(* Let $L$ be a finite lattice and $C$ a nonempty convex subset of $L$. Then every maximal chain of $L$ that does not intersect $C$ contains an element that is neither below all maximal elements of $C$ nor above all minimal elements of $C$.
   Context: A subset $C$ of $L$ is convex if $x,y\in C$ implies $[x,y]\subseteq C$. A maximal chain is a totally ordered subset to which no element can be added while remaining a chain. *)

theory Defs
  imports Main
begin

definition convex_set :: "'a::order set \<Rightarrow> bool" where
  "convex_set C \<longleftrightarrow> (\<forall>x\<in>C. \<forall>y\<in>C. {x..y} \<subseteq> C)"

definition maximal_chain :: "'a::order set \<Rightarrow> bool" where
  "maximal_chain M \<longleftrightarrow> Complete_Partial_Order.chain (\<le>) M \<and>
     (\<forall>x. Complete_Partial_Order.chain (\<le>) (insert x M) \<longrightarrow> x \<in> M)"

definition maximal_elems :: "'a::order set \<Rightarrow> 'a set" where
  "maximal_elems C = {x\<in>C. \<forall>y\<in>C. x \<le> y \<longrightarrow> y = x}"

definition minimal_elems :: "'a::order set \<Rightarrow> 'a set" where
  "minimal_elems C = {x\<in>C. \<forall>y\<in>C. y \<le> x \<longrightarrow> y = x}"

end

theory Submission
  imports Defs
begin

text \<open>Suppose every element of the maximal chain \<open>M\<close> lies below all maximal elements of \<open>C\<close>
  or above all minimal elements of \<open>C\<close>. Let \<open>D\<close> be the elements of \<open>M\<close> of the first kind, fix a
  minimal element \<open>c\<close> of \<open>C\<close> and put \<open>x = \<Squnion>(insert c D)\<close>. Then \<open>c \<le> x \<le> c'\<close> for a maximal
  element \<open>c' \<ge> c\<close> of \<open>C\<close>, so \<open>x \<in> C\<close> by convexity. Every element of \<open>M\<close> outside \<open>D\<close> is above \<open>c\<close>
  and above every element of \<open>D\<close> (being below one would put it into \<open>D\<close>); hence \<open>x\<close> is
  comparable with all of \<open>M\<close>, and maximality puts \<open>x\<close> into \<open>M \<inter> C\<close>.\<close>

lemma maximal_chain_comparable:
  assumes "maximal_chain M" and "x \<in> M" and "y \<in> M"
  shows "x \<le> y \<or> y \<le> x"
  using assms unfolding maximal_chain_def Complete_Partial_Order.chain_def by blast

lemma maximal_chain_memI:
  assumes "maximal_chain M" and "\<And>m. m \<in> M \<Longrightarrow> m \<le> x \<or> x \<le> m"
  shows "x \<in> M"
proof -
  have "Complete_Partial_Order.chain (\<le>) (insert x M)"
    using assms maximal_chain_comparable unfolding Complete_Partial_Order.chain_def by blast
  then show ?thesis
    using assms(1) unfolding maximal_chain_def by blast
qed

lemma convex_setD:
  assumes "convex_set C" and "x \<in> C" and "y \<in> C" and "x \<le> z" and "z \<le> y"
  shows "z \<in> C"
  using assms unfolding convex_set_def by (meson atLeastAtMost_iff subsetD)

lemma maximal_elems_above:
  assumes "finite C" and "c \<in> C"
  shows "\<exists>c'\<in>maximal_elems C. c \<le> c'"
  using finite_has_maximal2[OF assms] unfolding maximal_elems_def by force

lemma minimal_elems_nonempty:
  assumes "finite C" and "C \<noteq> {}"
  shows "minimal_elems C \<noteq> {}"
  using finite_has_minimal[OF assms] unfolding minimal_elems_def by force

lemma convex_set_Sup_fin_mem:
  fixes C D :: "'a::lattice set"
  assumes "finite C" and "convex_set C" and "c \<in> C" and "finite D"
    and "\<And>d c'. d \<in> D \<Longrightarrow> c' \<in> maximal_elems C \<Longrightarrow> d \<le> c'"
  shows "Sup_fin (insert c D) \<in> C"
proof -
  obtain c' where "c' \<in> maximal_elems C" and "c \<le> c'"
    using maximal_elems_above[OF assms(1,3)] by blast
  then have "c' \<in> C" and "Sup_fin (insert c D) \<le> c'"
    using assms(4,5) unfolding maximal_elems_def by (auto intro: Sup_fin.boundedI)
  moreover have "c \<le> Sup_fin (insert c D)"
    using assms(4) by (simp add: Sup_fin.coboundedI)
  ultimately show ?thesis
    using convex_setD[OF assms(2,3)] by blast
qed

theorem lemma3p17:
  fixes C M :: "'a::{finite,lattice} set"
  assumes "C \<noteq> {}" and "convex_set C"
    and "maximal_chain M" and "M \<inter> C = {}"
  shows "\<exists>m\<in>M. \<not> (\<forall>c\<in>maximal_elems C. m \<le> c) \<and> \<not> (\<forall>c\<in>minimal_elems C. c \<le> m)"
proof (rule ccontr)
  let ?below = "\<lambda>m. \<forall>c\<in>maximal_elems C. m \<le> c"
  define D where "D = {m \<in> M. ?below m}"
  assume "\<not> ?thesis"
  then have above: "c \<le> m" if "m \<in> M - D" and "c \<in> minimal_elems C" for m c
    using that unfolding D_def by blast
  obtain c where c: "c \<in> minimal_elems C"
    using minimal_elems_nonempty[OF finite assms(1)] by blast
  define x where "x = Sup_fin (insert c D)"
  have "x \<in> C"
    unfolding x_def using c assms(2) unfolding D_def minimal_elems_def
    by (intro convex_set_Sup_fin_mem) auto
  moreover have "m \<le> x \<or> x \<le> m" if "m \<in> M" for m
  proof (cases "m \<in> D")
    case True
    then show ?thesis unfolding x_def by (simp add: Sup_fin.coboundedI)
  next
    case False
    have "d \<le> m" if "d \<in> D" for d
      using that False \<open>m \<in> M\<close> maximal_chain_comparable[OF assms(3)] order_trans
      unfolding D_def by blast
    moreover have "c \<le> m"
      using above[OF _ c] False \<open>m \<in> M\<close> by blast
    ultimately have "x \<le> m"
      unfolding x_def by (intro Sup_fin.boundedI) auto
    then show ?thesis ..
  qed
  ultimately show False
    using maximal_chain_memI[OF assms(3)] assms(4) by blast
qed

end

==================================================

*Work order*
Look through the entries above and list every line containing "into".

*Your response*
  and above every element of \<open>D\<close> (being below one would put it into \<open>D\<close>); hence \<open>x\<close> is
  comparable with all of \<open>M\<close>, and maximality puts \<open>x\<close> into \<open>M \<inter> C\<close>.\<close>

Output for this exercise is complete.